(DIRECTIONS FOR THIS TASK):
In the data, find the word "forall" and copy out every line that has it.

(DATA TO PROCESS):
(* Suppose Assumption D holds, let $x$ be an allocation rule satisfying Assumption X, let $K\ge0$, and let $\mathcal{T}$ be the class of $K$-limited premium transfers. For each $i$ let $\theta_i^K:=\sup\{\theta\in\Theta:\int_{\underline\theta}^{\theta}X_i^{\min}(z)\,dz\le K\}$ and define $t_i^w,t_i^l:\Theta\to\mathbb{R}$ by $$(t_i^w(\theta),t_i^l(\theta))=\Big(\theta-\int_{\underline\theta}^{\theta}X_i^{\min}(z)dz,\ -\int_{\underline\theta}^{\theta}X_i^{\min}(z)dz\Big)\quad\text{if }\theta\le\theta_i^K,$$ $$(t_i^w(\theta),t_i^l(\theta))=\Big(\theta-K-\tfrac{1}{X_i^{\min}(\theta)}\Big(\int_{\underline\theta}^{\theta}X_i^{\min}(z)dz-K\Big),\ -K\Big)\quad\text{if }\theta>\theta_i^K,$$ and $t_i^*(\theta,\theta'):=t_i^w(\theta)x_i(\theta,\theta')+t_i^l(\theta)[1-x_i(\theta,\theta')]$. Then $t^*$ is the unique solution to the Reduced Problem (R), and hence a solution to the Optimal Transfer Problem (P), where: (P) is to maximize $\sum_i\int_\Theta T_i(\theta)dP(\theta)$ over transfer rules $t$ with $(x,t)$ feasible and $t\in\mathcal{T}$; (R) is to maximize the same objective over transfer rules $t$ that are win-lose dependent, satisfy $U_i^{\min}(\theta)=\int_{\underline\theta}^{\theta}X_i^{\min}(z)dz$ for all $i,\theta$, and $t\in\mathcal{T}$.
   Context: $\Theta=[\underline\theta,\bar\theta]$ with $0<\underline\theta<\bar\theta$, Borel $\sigma$-algebra $\mathcal{B}$; "$\sigma$-algebra" means sub-$\sigma$-algebra of $\mathcal{B}$; $\Delta(\Theta,\mathcal{A})$ is the set of probability measures on $(\Theta,\mathcal{A})$; $P_{\mathcal{E}}$ is the restriction of $P$ to $\mathcal{E}$. A divergence $D$ assigns to each pair $Q,P$ of probability measures on a common $\sigma$-algebra a value $D(Q\|P)\in[0,\infty]$. Assumption D: for every $\sigma$-algebra $\mathcal{A}$, $P,Q\in\Delta(\Theta,\mathcal{A})$: (D1) $D(Q\|P)=0$ if $Q=P$; (D2) if $Q\ll P$ with bounded $dQ/dP$, $\epsilon\mapsto D(\epsilon Q+(1-\epsilon)P\|P)$ is continuous on $[0,1]$; (D3) $D(Q\|P)<\infty\Rightarrow Q\ll P$; (D4) $D(Q_{\mathcal{E}}\|P_{\mathcal{E}})\le D(Q\|P)$ for sub-$\sigma$-algebras $\mathcal{E}\subset\mathcal{A}$; (D5) equality in (D4) when $dQ_{\mathcal{E}}/dP_{\mathcal{E}}=dQ/dP$ $P$-a.e. Fix atomless $P\in\Delta(\Theta,\mathcal{B})$, $\eta>0$; "a.e." is w.r.t. $P$ or $P\otimes P$. Two bidders $i\in\{1,2\}$. An allocation rule is bounded measurable $x=(x_1,x_2):\Theta^2\to\mathbb{R}^2$ with $x_1(\theta,\theta')\ge0$, $x_2(\theta',\theta)\ge0$, $x_1(\theta,\theta')+x_2(\theta',\theta)\le1$; a transfer rule is bounded measurable $t=(t_1,t_2):\Theta^2\to\mathbb{R}^2$. $X_i(\theta)=\int x_i(\theta,\theta')dP(\theta')$, $X_i^{\min}(\theta)=\inf_Q\{\int x_i(\theta,\theta')dQ(\theta'):D(Q\|P)\le\eta\}$, $U_i^{\min}(\theta)=\inf_Q\{\int[\theta x_i(\theta,\theta')-t_i(\theta,\theta')]dQ(\theta'):D(Q\|P)\le\eta\}$, $T_i(\theta)=\int t_i(\theta,\theta')dP(\theta')$, $Q$ over $\Delta(\Theta,\mathcal{B})$. $(x,t)$ is incentive compatible if for all $i,\theta$, $\theta\in\arg\max_{\hat\theta}\inf_Q\{\int[\theta x_i(\hat\theta,\theta')-t_i(\hat\theta,\theta')]dQ(\theta'):D(Q\|P)\le\eta\}$; individually rational if $U_i^{\min}\ge0$; feasible if both. Assumption X: (i) $x_i(\theta,\theta')\in\{0,1\}$ for $\theta'\ne\theta$; (ii) $X_i(\theta)=1\Rightarrow\theta=\bar\theta$; (iii) $X_i^{\min}$ non-decreasing. $t$ is a $K$-limited premium transfer if for every $i$, every $\theta<\bar\theta$ and all $\theta^w,\theta^l$ with $x_i(\theta,\theta^w)=1$ and $x_i(\theta,\theta^l)=0$, $-t_i(\theta,\theta^l)\le K$. $t$ is win-lose dependent if there exist $t_i^w,t_i^l:\Theta\to\mathbb{R}$ with $t_i(\theta,\theta')=t_i^w(\theta)x_i(\theta,\theta')+t_i^l(\theta)[1-x_i(\theta,\theta')]$ and $\theta-t_i^w(\theta)\ge-t_i^l(\theta)$ for all $i,\theta,\theta'$. *)

theory Defs
  imports "HOL-Analysis.Analysis" "HOL-Probability.Probability"
begin

(* Type space Theta = [lo, hi]; bidders are indexed by i \<in> {1,2} (i :: nat).
   x i th th' : allocation to bidder i when i's type is th and the opponent's type is th'.
   t i th th' : transfer of bidder i, same convention. *)

definition BTheta :: "real \<Rightarrow> real \<Rightarrow> real measure" where
  "BTheta lo hi = restrict_space borel {lo..hi}"

definition is_salg :: "real \<Rightarrow> real \<Rightarrow> real set set \<Rightarrow> bool" where
  "is_salg lo hi A \<longleftrightarrow> sigma_algebra {lo..hi} A \<and> A \<subseteq> sets (BTheta lo hi)"

definition Delta :: "real \<Rightarrow> real \<Rightarrow> real set set \<Rightarrow> real measure \<Rightarrow> bool" where
  "Delta lo hi A M \<longleftrightarrow> prob_space M \<and> space M = {lo..hi} \<and> sets M = A"

definition mix :: "real \<Rightarrow> real measure \<Rightarrow> real measure \<Rightarrow> real measure" where
  "mix e Q P = measure_of (space P) (sets P)
      (\<lambda>S. ennreal e * emeasure Q S + ennreal (1 - e) * emeasure P S)"

definition restr :: "real measure \<Rightarrow> real set set \<Rightarrow> real measure" where
  "restr M E = measure_of (space M) E (emeasure M)"

(* Assumption D; D Q P stands for D(Q || P) *)
definition assumption_D ::
  "real \<Rightarrow> real \<Rightarrow> (real measure \<Rightarrow> real measure \<Rightarrow> ennreal) \<Rightarrow> bool" where
  "assumption_D lo hi D \<longleftrightarrow>
    (\<forall>A P Q. is_salg lo hi A \<longrightarrow> Delta lo hi A P \<longrightarrow> Delta lo hi A Q \<longrightarrow>
       (Q = P \<longrightarrow> D Q P = 0) \<and>
       (absolutely_continuous P Q \<and> (\<exists>c::real. AE z in P. RN_deriv P Q z \<le> ennreal c)
          \<longrightarrow> continuous_on {0..1} (\<lambda>e. D (mix e Q P) P)) \<and>
       (D Q P < \<infinity> \<longrightarrow> absolutely_continuous P Q) \<and>
       (\<forall>E. is_salg lo hi E \<and> E \<subseteq> A \<longrightarrow>
          D (restr Q E) (restr P E) \<le> D Q P \<and>
          (absolutely_continuous P Q \<and>
           (AE z in P. RN_deriv (restr P E) (restr Q E) z = RN_deriv P Q z)
             \<longrightarrow> D (restr Q E) (restr P E) = D Q P)))"

definition Qset ::
  "real \<Rightarrow> real \<Rightarrow> real measure \<Rightarrow> (real measure \<Rightarrow> real measure \<Rightarrow> ennreal) \<Rightarrow> real
   \<Rightarrow> real measure set" where
  "Qset lo hi P D eta = {Q. Delta lo hi (sets (BTheta lo hi)) Q \<and> D Q P \<le> ennreal eta}"

definition Xint :: "real measure \<Rightarrow> (nat \<Rightarrow> real \<Rightarrow> real \<Rightarrow> real) \<Rightarrow> nat \<Rightarrow> real \<Rightarrow> real" where
  "Xint P x i th = (\<integral>th'. x i th th' \<partial>P)"

definition Tint :: "real measure \<Rightarrow> (nat \<Rightarrow> real \<Rightarrow> real \<Rightarrow> real) \<Rightarrow> nat \<Rightarrow> real \<Rightarrow> real" where
  "Tint P t i th = (\<integral>th'. t i th th' \<partial>P)"

definition Xmin ::
  "real \<Rightarrow> real \<Rightarrow> real measure \<Rightarrow> (real measure \<Rightarrow> real measure \<Rightarrow> ennreal) \<Rightarrow> real
   \<Rightarrow> (nat \<Rightarrow> real \<Rightarrow> real \<Rightarrow> real) \<Rightarrow> nat \<Rightarrow> real \<Rightarrow> real" where
  "Xmin lo hi P D eta x i th = Inf ((\<lambda>Q. \<integral>th'. x i th th' \<partial>Q) ` Qset lo hi P D eta)"

definition Vrep ::
  "real \<Rightarrow> real \<Rightarrow> real measure \<Rightarrow> (real measure \<Rightarrow> real measure \<Rightarrow> ennreal) \<Rightarrow> real
   \<Rightarrow> (nat \<Rightarrow> real \<Rightarrow> real \<Rightarrow> real) \<Rightarrow> (nat \<Rightarrow> real \<Rightarrow> real \<Rightarrow> real)
   \<Rightarrow> nat \<Rightarrow> real \<Rightarrow> real \<Rightarrow> real" where
  "Vrep lo hi P D eta x t i th rep =
     Inf ((\<lambda>Q. \<integral>th'. th * x i rep th' - t i rep th' \<partial>Q) ` Qset lo hi P D eta)"

definition Umin ::
  "real \<Rightarrow> real \<Rightarrow> real measure \<Rightarrow> (real measure \<Rightarrow> real measure \<Rightarrow> ennreal) \<Rightarrow> real
   \<Rightarrow> (nat \<Rightarrow> real \<Rightarrow> real \<Rightarrow> real) \<Rightarrow> (nat \<Rightarrow> real \<Rightarrow> real \<Rightarrow> real)
   \<Rightarrow> nat \<Rightarrow> real \<Rightarrow> real" where
  "Umin lo hi P D eta x t i th =
     Inf ((\<lambda>Q. \<integral>th'. th * x i th th' - t i th th' \<partial>Q) ` Qset lo hi P D eta)"

definition bdd_meas2 :: "real \<Rightarrow> real \<Rightarrow> (nat \<Rightarrow> real \<Rightarrow> real \<Rightarrow> real) \<Rightarrow> bool" where
  "bdd_meas2 lo hi f \<longleftrightarrow> (\<forall>i\<in>{1,2::nat}.
     (\<lambda>(a,b). f i a b) \<in> borel_measurable (BTheta lo hi \<Otimes>\<^sub>M BTheta lo hi) \<and>
     (\<exists>B. \<forall>a\<in>{lo..hi}. \<forall>b\<in>{lo..hi}. \<bar>f i a b\<bar> \<le> B))"

definition allocation_rule :: "real \<Rightarrow> real \<Rightarrow> (nat \<Rightarrow> real \<Rightarrow> real \<Rightarrow> real) \<Rightarrow> bool" where
  "allocation_rule lo hi x \<longleftrightarrow> bdd_meas2 lo hi x \<and>
     (\<forall>a\<in>{lo..hi}. \<forall>b\<in>{lo..hi}. x 1 a b \<ge> 0 \<and> x 2 b a \<ge> 0 \<and> x 1 a b + x 2 b a \<le> 1)"

definition transfer_rule :: "real \<Rightarrow> real \<Rightarrow> (nat \<Rightarrow> real \<Rightarrow> real \<Rightarrow> real) \<Rightarrow> bool" where
  "transfer_rule lo hi t \<longleftrightarrow> bdd_meas2 lo hi t"

definition incentive_compatible ::
  "real \<Rightarrow> real \<Rightarrow> real measure \<Rightarrow> (real measure \<Rightarrow> real measure \<Rightarrow> ennreal) \<Rightarrow> real
   \<Rightarrow> (nat \<Rightarrow> real \<Rightarrow> real \<Rightarrow> real) \<Rightarrow> (nat \<Rightarrow> real \<Rightarrow> real \<Rightarrow> real) \<Rightarrow> bool" where
  "incentive_compatible lo hi P D eta x t \<longleftrightarrow>
     (\<forall>i\<in>{1,2::nat}. \<forall>th\<in>{lo..hi}. \<forall>rep\<in>{lo..hi}.
        Vrep lo hi P D eta x t i th rep \<le> Vrep lo hi P D eta x t i th th)"

definition individually_rational ::
  "real \<Rightarrow> real \<Rightarrow> real measure \<Rightarrow> (real measure \<Rightarrow> real measure \<Rightarrow> ennreal) \<Rightarrow> real
   \<Rightarrow> (nat \<Rightarrow> real \<Rightarrow> real \<Rightarrow> real) \<Rightarrow> (nat \<Rightarrow> real \<Rightarrow> real \<Rightarrow> real) \<Rightarrow> bool" where
  "individually_rational lo hi P D eta x t \<longleftrightarrow>
     (\<forall>i\<in>{1,2::nat}. \<forall>th\<in>{lo..hi}. Umin lo hi P D eta x t i th \<ge> 0)"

(REPLY TO THE EXERCISE):
    (\<forall>A P Q. is_salg lo hi A \<longrightarrow> Delta lo hi A P \<longrightarrow> Delta lo hi A Q \<longrightarrow>
       (\<forall>E. is_salg lo hi E \<and> E \<subseteq> A \<longrightarrow>
  "bdd_meas2 lo hi f \<longleftrightarrow> (\<forall>i\<in>{1,2::nat}.
     (\<exists>B. \<forall>a\<in>{lo..hi}. \<forall>b\<in>{lo..hi}. \<bar>f i a b\<bar> \<le> B))"
     (\<forall>a\<in>{lo..hi}. \<forall>b\<in>{lo..hi}. x 1 a b \<ge> 0 \<and> x 2 b a \<ge> 0 \<and> x 1 a b + x 2 b a \<le> 1)"
     (\<forall>i\<in>{1,2::nat}. \<forall>th\<in>{lo..hi}. \<forall>rep\<in>{lo..hi}.
     (\<forall>i\<in>{1,2::nat}. \<forall>th\<in>{lo..hi}. Umin lo hi P D eta x t i th \<ge> 0)"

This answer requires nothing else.